What you will do |
Transcribe word for word the lines below from the line with "using insert by (intro banach_function_norm_add[OF" through the line with "lebesgue (ball y", ends included.
________________________
(* Suppose that $X(\mathbb{R}^n)$ is a translation-invariant Banach function space. If $w(x):=e^{c|x|}$ for $x\in\mathbb{R}^n$ with a constant $c>0$, then the weighted Banach function space $X(\mathbb{R}^n,w)$ does not satisfy the weak doubling property.
   Context: Banach function spaces: let $\mathfrak{M}^+(\mathbb{R}^n)$ be the set of measurable functions with values in $[0,\infty]$. A Banach function norm $\rho:\mathfrak{M}^+\to[0,\infty]$ satisfies, for all $f,g,f_j\in\mathfrak{M}^+$, $a\ge0$, measurable $E$: (A1) $\rho(f)=0\iff f=0$ a.e., $\rho(af)=a\rho(f)$, $\rho(f+g)\le\rho(f)+\rho(g)$; (A2) $0\le g\le f$ a.e. implies $\rho(g)\le\rho(f)$; (A3) $0\le f_j\uparrow f$ a.e. implies $\rho(f_j)\uparrow\rho(f)$; (A4) $|E|<\infty$ implies $\rho(\chi_E)<\infty$; (A5) $|E|<\infty$ implies $\int_Ef\le C_E\rho(f)$ with $C_E$ independent of $f$. $X(\mathbb{R}^n)$ is the set of measurable complex $f$ with $\rho(|f|)<\infty$, $\|f\|_X=\rho(|f|)$. $X$ is translation-invariant if $\|u(\cdot-y)\|_X=\|u\|_X$ for all $y\in\mathbb{R}^n$, $u\in X$. For a weight $w$, $X(\mathbb{R}^n,w)=\{f: fw\in X\}$ with $\|f\|_{X(\mathbb{R}^n,w)}=\|fw\|_X$. Weak doubling property: a Banach function space $Z(\mathbb{R}^n)$ has it if there is $\tau>1$ with $\liminf_{R\to\infty}\big(\inf_{y\in\mathbb{R}^n}\|\chi_{B(y,\tau R)}\|_{Z}/\|\chi_{B(y,R)}\|_{Z}\big)<\infty$, where $B(y,R)$ is the open ball of radius $R$ centered at $y$. *)

theory Defs
  imports "HOL-Analysis.Analysis"
begin

text \<open>A Banach function norm on nonnegative (extended) measurable functions on a
Euclidean space 'a (playing the role of R^n), axioms (A1)-(A5) w.r.t. Lebesgue measure.\<close>

definition banach_function_norm :: "(('a::euclidean_space \<Rightarrow> ennreal) \<Rightarrow> ennreal) \<Rightarrow> bool" where
  "banach_function_norm \<rho> \<longleftrightarrow>
     \<comment> \<open>(A1)\<close>
     (\<forall>f \<in> borel_measurable lebesgue. \<rho> f = 0 \<longleftrightarrow> (AE x in lebesgue. f x = 0)) \<and>
     (\<forall>f \<in> borel_measurable lebesgue. \<forall>a::real. a \<ge> 0 \<longrightarrow>
        \<rho> (\<lambda>x. ennreal a * f x) = ennreal a * \<rho> f) \<and>
     (\<forall>f \<in> borel_measurable lebesgue. \<forall>g \<in> borel_measurable lebesgue.
        \<rho> (\<lambda>x. f x + g x) \<le> \<rho> f + \<rho> g) \<and>
     \<comment> \<open>(A2)\<close>
     (\<forall>f \<in> borel_measurable lebesgue. \<forall>g \<in> borel_measurable lebesgue.
        (AE x in lebesgue. g x \<le> f x) \<longrightarrow> \<rho> g \<le> \<rho> f) \<and>
     \<comment> \<open>(A3)\<close>
     (\<forall>F f. (\<forall>j. F j \<in> borel_measurable lebesgue) \<longrightarrow> f \<in> borel_measurable lebesgue \<longrightarrow>
        (AE x in lebesgue. incseq (\<lambda>j. F j x) \<and> (\<lambda>j. F j x) \<longlonglongrightarrow> f x) \<longrightarrow>
        incseq (\<lambda>j. \<rho> (F j)) \<and> (\<lambda>j. \<rho> (F j)) \<longlonglongrightarrow> \<rho> f) \<and>
     \<comment> \<open>(A4)\<close>
     (\<forall>E \<in> sets lebesgue. emeasure lebesgue E < \<infinity> \<longrightarrow> \<rho> (indicator E) < \<infinity>) \<and>
     \<comment> \<open>(A5)\<close>
     (\<forall>E \<in> sets lebesgue. emeasure lebesgue E < \<infinity> \<longrightarrow>
        (\<exists>C::real. \<forall>f \<in> borel_measurable lebesgue.
            (\<integral>\<^sup>+ x \<in> E. f x \<partial>lebesgue) \<le> ennreal C * \<rho> f))"

definition bfs_norm :: "(('a::euclidean_space \<Rightarrow> ennreal) \<Rightarrow> ennreal) \<Rightarrow> ('a \<Rightarrow> complex) \<Rightarrow> ennreal" where
  "bfs_norm \<rho> f = \<rho> (\<lambda>x. ennreal (cmod (f x)))"

definition bfs :: "(('a::euclidean_space \<Rightarrow> ennreal) \<Rightarrow> ennreal) \<Rightarrow> ('a \<Rightarrow> complex) set" where
  "bfs \<rho> = {f \<in> borel_measurable lebesgue. bfs_norm \<rho> f < \<infinity>}"

definition translation_invariant :: "(('a::euclidean_space \<Rightarrow> ennreal) \<Rightarrow> ennreal) \<Rightarrow> bool" where
  "translation_invariant \<rho> \<longleftrightarrow>
     (\<forall>u \<in> bfs \<rho>. \<forall>y. bfs_norm \<rho> (\<lambda>x. u (x - y)) = bfs_norm \<rho> u)"

definition weighted_norm ::
  "(('a::euclidean_space \<Rightarrow> ennreal) \<Rightarrow> ennreal) \<Rightarrow> ('a \<Rightarrow> real) \<Rightarrow> ('a \<Rightarrow> complex) \<Rightarrow> ennreal" where
  "weighted_norm \<rho> w f = bfs_norm \<rho> (\<lambda>x. f x * complex_of_real (w x))"

definition weak_doubling :: "(('a::euclidean_space \<Rightarrow> complex) \<Rightarrow> ennreal) \<Rightarrow> bool" where
  "weak_doubling nZ \<longleftrightarrow>
     (\<exists>\<tau>::real. \<tau> > 1 \<and>
        Liminf at_top (\<lambda>R::real. INF y. nZ (indicator (ball y (\<tau> * R))) / nZ (indicator (ball y R))) < \<infinity>)"

end

theory Submission
  imports Defs
begin

text \<open>Write \<open>\<phi>(r)\<close> for the \<open>X\<close>-norm of the indicator of a ball of radius \<open>r\<close>; by translation
invariance it does not depend on the centre, and it is positive and finite. Fix \<open>\<tau> > 1\<close> and
\<open>a = (\<tau> - 1)/4\<close>. By compactness of the unit ball and scaling, every ball of radius \<open>R\<close> is
covered by \<open>N\<close> balls of radius \<open>a R\<close> with \<open>N\<close> independent of \<open>R\<close>, so \<open>\<phi>(R) \<le> N \<phi>(a R)\<close>.
On \<open>B(y, R)\<close> the weight is at most \<open>e\<^bsup>c(|y| + R)\<^esup>\<close>, while \<open>B(y, \<tau> R)\<close> contains a ball of
radius \<open>a R\<close> on which the weight is at least \<open>e\<^bsup>c(|y| + R + a R)\<^esup>\<close>. Hence the doubling
quotient is at least \<open>e\<^bsup>c a R\<^esup> / N\<close> uniformly in \<open>y\<close>, which tends to infinity with \<open>R\<close>.\<close>

lemma sets_lebesgue_ball [measurable]: "ball (y::'a::euclidean_space) r \<in> sets lebesgue"
  by (simp add: fmeasurable_def lmeasurable_ball)

lemma banach_function_norm_mono:
  assumes "banach_function_norm \<rho>" "f \<in> borel_measurable lebesgue" "g \<in> borel_measurable lebesgue"
    and "\<And>x. g x \<le> f x"
  shows "\<rho> g \<le> \<rho> f"
  using assms unfolding banach_function_norm_def by (meson AE_I2)

lemma banach_function_norm_cmult:
  assumes "banach_function_norm \<rho>" "f \<in> borel_measurable lebesgue" "a \<ge> 0"
  shows "\<rho> (\<lambda>x. ennreal a * f x) = ennreal a * \<rho> f"
  using assms unfolding banach_function_norm_def by blast

lemma banach_function_norm_add:
  assumes "banach_function_norm \<rho>" "f \<in> borel_measurable lebesgue" "g \<in> borel_measurable lebesgue"
  shows "\<rho> (\<lambda>x. f x + g x) \<le> \<rho> f + \<rho> g"
  using assms unfolding banach_function_norm_def by blast

lemma banach_function_norm_sum:
  assumes "banach_function_norm \<rho>" "finite I" "\<And>i. i \<in> I \<Longrightarrow> f i \<in> borel_measurable lebesgue"
  shows "\<rho> (\<lambda>x. \<Sum>i\<in>I. f i x) \<le> (\<Sum>i\<in>I. \<rho> (f i))"
  using assms(2,3)
proof (induction I rule: finite_induct)
  case empty
  then show ?case using assms(1) unfolding banach_function_norm_def by auto
next
  case (insert i I)
  have "\<rho> (\<lambda>x. f i x + (\<Sum>i\<in>I. f i x)) \<le> \<rho> (f i) + \<rho> (\<lambda>x. \<Sum>i\<in>I. f i x)"
    using insert by (intro banach_function_norm_add[OF assms(1)]) auto
  also have "\<dots> \<le> \<rho> (f i) + (\<Sum>i\<in>I. \<rho> (f i))"
    using insert by (intro add_left_mono) auto
  finally show ?case using insert by simp
qed

lemma banach_function_norm_indicator_ball_finite:
  assumes "banach_function_norm \<rho>"
  shows "\<rho> (indicator (ball (y::'a::euclidean_space) r)) < \<infinity>"
  using assms emeasure_lborel_ball_finite[of y r] unfolding banach_function_norm_def by auto

lemma banach_function_norm_indicator_ball_pos:
  assumes "banach_function_norm \<rho>" "r > 0"
  shows "\<rho> (indicator (ball (y::'a::euclidean_space) r)) > 0"
proof (rule ccontr)
  assume "\<not> ?thesis"
  then have "AE x in lebesgue. (indicator (ball y r) x :: ennreal) = 0"
    using assms(1) unfolding banach_function_norm_def by (simp add: borel_measurable_indicator)
  then have "emeasure lebesgue (ball y r) = 0"
    by (subst (asm) AE_iff_measurable[of "ball y r"]) (auto simp: indicator_def)
  then show False
    using content_ball_pos[OF assms(2), of y] by (simp add: measure_def)
qed

lemma translation_invariant_indicator_ball:
  assumes "banach_function_norm \<rho>" "translation_invariant \<rho>"
  shows "\<rho> (indicator (ball (y::'a::euclidean_space) r)) = \<rho> (indicator (ball 0 r))"
proof -
  have cmod_indicator: "(\<lambda>x. ennreal (cmod (indicator A x :: complex))) = indicator A" for A :: "'a set"
    by (auto simp: fun_eq_iff indicator_def)
  let ?u = "indicator (ball 0 r) :: 'a \<Rightarrow> complex"
  have "?u \<in> bfs \<rho>"
    using banach_function_norm_indicator_ball_finite[OF assms(1)] cmod_indicator[of "ball 0 r"]
    unfolding bfs_def bfs_norm_def by (auto intro: borel_measurable_indicator)
  then have "bfs_norm \<rho> (\<lambda>x. ?u (x - y)) = bfs_norm \<rho> ?u"
    using assms(2) unfolding translation_invariant_def by blast
  moreover have "(\<lambda>x. ennreal (cmod (?u (x - y)))) = indicator (ball y r)"
    by (auto simp: fun_eq_iff indicator_def dist_norm norm_minus_commute)
  ultimately show ?thesis
    using cmod_indicator[of "ball 0 r"] unfolding bfs_norm_def by simp
qed

lemma ball_subset_Union_scaled_balls:
  assumes "a > 0"
  obtains F :: "'a::euclidean_space set"
  where "finite F" "F \<noteq> {}" "\<And>R. R > 0 \<Longrightarrow> ball 0 R \<subseteq> (\<Union>x\<in>F. ball (R *\<^sub>R x) (a * R))"
proof -
  obtain F where F: "finite F" "cball (0::'a) 1 \<subseteq> (\<Union>x\<in>F. ball x a)"
    using seq_compact_imp_totally_bounded[OF compact_imp_seq_compact[OF compact_cball[of "0::'a" 1]]] assms by meson
  have "ball 0 R \<subseteq> (\<Union>x\<in>F. ball (R *\<^sub>R x) (a * R))" if R: "R > 0" for R
  proof
    fix v :: 'a
    assume "v \<in> ball 0 R"
    then have "(1/R) *\<^sub>R v \<in> cball 0 1"
      using R by (simp add: field_simps)
    then have "(1/R) *\<^sub>R v \<in> (\<Union>x\<in>F. ball x a)"
      using F(2) by blast
    then obtain x where x: "x \<in> F" "dist x ((1/R) *\<^sub>R v) < a"
      by auto
    have "R *\<^sub>R x - v = R *\<^sub>R (x - (1/R) *\<^sub>R v)"
      using R by (simp add: algebra_simps)
    then have "dist (R *\<^sub>R x) v = R * dist x ((1/R) *\<^sub>R v)"
      using R by (simp add: dist_norm)
    with x R show "v \<in> (\<Union>x\<in>F. ball (R *\<^sub>R x) (a * R))"
      by (auto simp: mult.commute intro!: bexI[of _ x])
  qed
  moreover have "F \<noteq> {}"
    using F(2) by auto
  ultimately show ?thesis
    using that F(1) by blast
qed

lemma banach_function_norm_indicator_ball_le_mult:
  assumes "banach_function_norm \<rho>" "translation_invariant \<rho>" "a > 0"
  obtains N :: real where "N > 0"
    "\<And>R. R > 0 \<Longrightarrow> \<rho> (indicator (ball (0::'a::euclidean_space) R)) \<le> ennreal N * \<rho> (indicator (ball 0 (a * R)))"
proof -
  obtain F :: "'a set" where F: "finite F" "F \<noteq> {}"
    and cover: "\<And>R. R > 0 \<Longrightarrow> ball 0 R \<subseteq> (\<Union>x\<in>F. ball (R *\<^sub>R x) (a * R))"
    using ball_subset_Union_scaled_balls[OF assms(3)] by blast
  have "\<rho> (indicator (ball 0 R)) \<le> ennreal (card F) * \<rho> (indicator (ball (0::'a) (a * R)))"
    if "R > 0" for R
  proof -
    have "\<rho> (indicator (ball 0 R)) \<le> \<rho> (\<lambda>v. \<Sum>x\<in>F. indicator (ball (R *\<^sub>R x) (a * R)) v)"
    proof (rule banach_function_norm_mono[OF assms(1)])
      fix v :: 'a
      show "indicator (ball 0 R) v \<le> (\<Sum>x\<in>F. indicator (ball (R *\<^sub>R x) (a * R)) v :: ennreal)"
      proof (cases "v \<in> ball 0 R")
        case True
        then obtain x where "x \<in> F" "v \<in> ball (R *\<^sub>R x) (a * R)"
          using cover[OF \<open>R > 0\<close>] by blast
        then show ?thesis
          using True F(1) member_le_sum[of x F "\<lambda>x. indicator (ball (R *\<^sub>R x) (a * R)) v :: ennreal"]
          by simp
      qed simp
    qed (use F(1) in measurable)
    also have "\<dots> \<le> (\<Sum>x\<in>F. \<rho> (indicator (ball (R *\<^sub>R x) (a * R))))"
      using F(1) by (intro banach_function_norm_sum[OF assms(1)]) measurable
    also have "\<dots> = (\<Sum>x\<in>F. \<rho> (indicator (ball 0 (a * R))))"
      by (intro sum.cong refl translation_invariant_indicator_ball[OF assms(1,2)])
    also have "\<dots> = ennreal (card F) * \<rho> (indicator (ball 0 (a * R)))"
      by (simp add: ennreal_of_nat_eq_real_of_nat)
    finally show ?thesis .
  qed
  moreover have "card F > 0"
    using F by (simp add: card_gt_0_iff)
  ultimately show ?thesis
    using that[of "card F"] by simp
qed

lemma exists_unit_radial_direction:
  fixes y :: "'a::euclidean_space"
  obtains u where "norm u = 1" "\<And>t. t \<ge> 0 \<Longrightarrow> norm (y + t *\<^sub>R u) = norm y + t"
proof (cases "y = 0")
  case True
  obtain b :: 'a where "b \<in> Basis"
    using nonempty_Basis by blast
  then show ?thesis
    using that[of b] True by simp
next
  case False
  have "norm (y + t *\<^sub>R sgn y) = norm y + t" if "t \<ge> 0" for t
  proof -
    have "y + t *\<^sub>R sgn y = (1 + t / norm y) *\<^sub>R y"
      using False by (simp add: sgn_div_norm divide_inverse algebra_simps)
    then show ?thesis
      using that False by (simp add: abs_of_nonneg field_simps)
  qed
  then show ?thesis
    using that[of "sgn y"] False by (simp add: norm_sgn)
qed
________________________
Answer for the task |
    using insert by (intro banach_function_norm_add[OF assms(1)]) auto
  also have "\<dots> \<le> \<rho> (f i) + (\<Sum>i\<in>I. \<rho> (f i))"
    using insert by (intro add_left_mono) auto
  finally show ?case using insert by simp
qed

lemma banach_function_norm_indicator_ball_finite:
  assumes "banach_function_norm \<rho>"
  shows "\<rho> (indicator (ball (y::'a::euclidean_space) r)) < \<infinity>"
  using assms emeasure_lborel_ball_finite[of y r] unfolding banach_function_norm_def by auto

lemma banach_function_norm_indicator_ball_pos:
  assumes "banach_function_norm \<rho>" "r > 0"
  shows "\<rho> (indicator (ball (y::'a::euclidean_space) r)) > 0"
proof (rule ccontr)
  assume "\<not> ?thesis"
  then have "AE x in lebesgue. (indicator (ball y r) x :: ennreal) = 0"
    using assms(1) unfolding banach_function_norm_def by (simp add: borel_measurable_indicator)
  then have "emeasure lebesgue (ball y r) = 0"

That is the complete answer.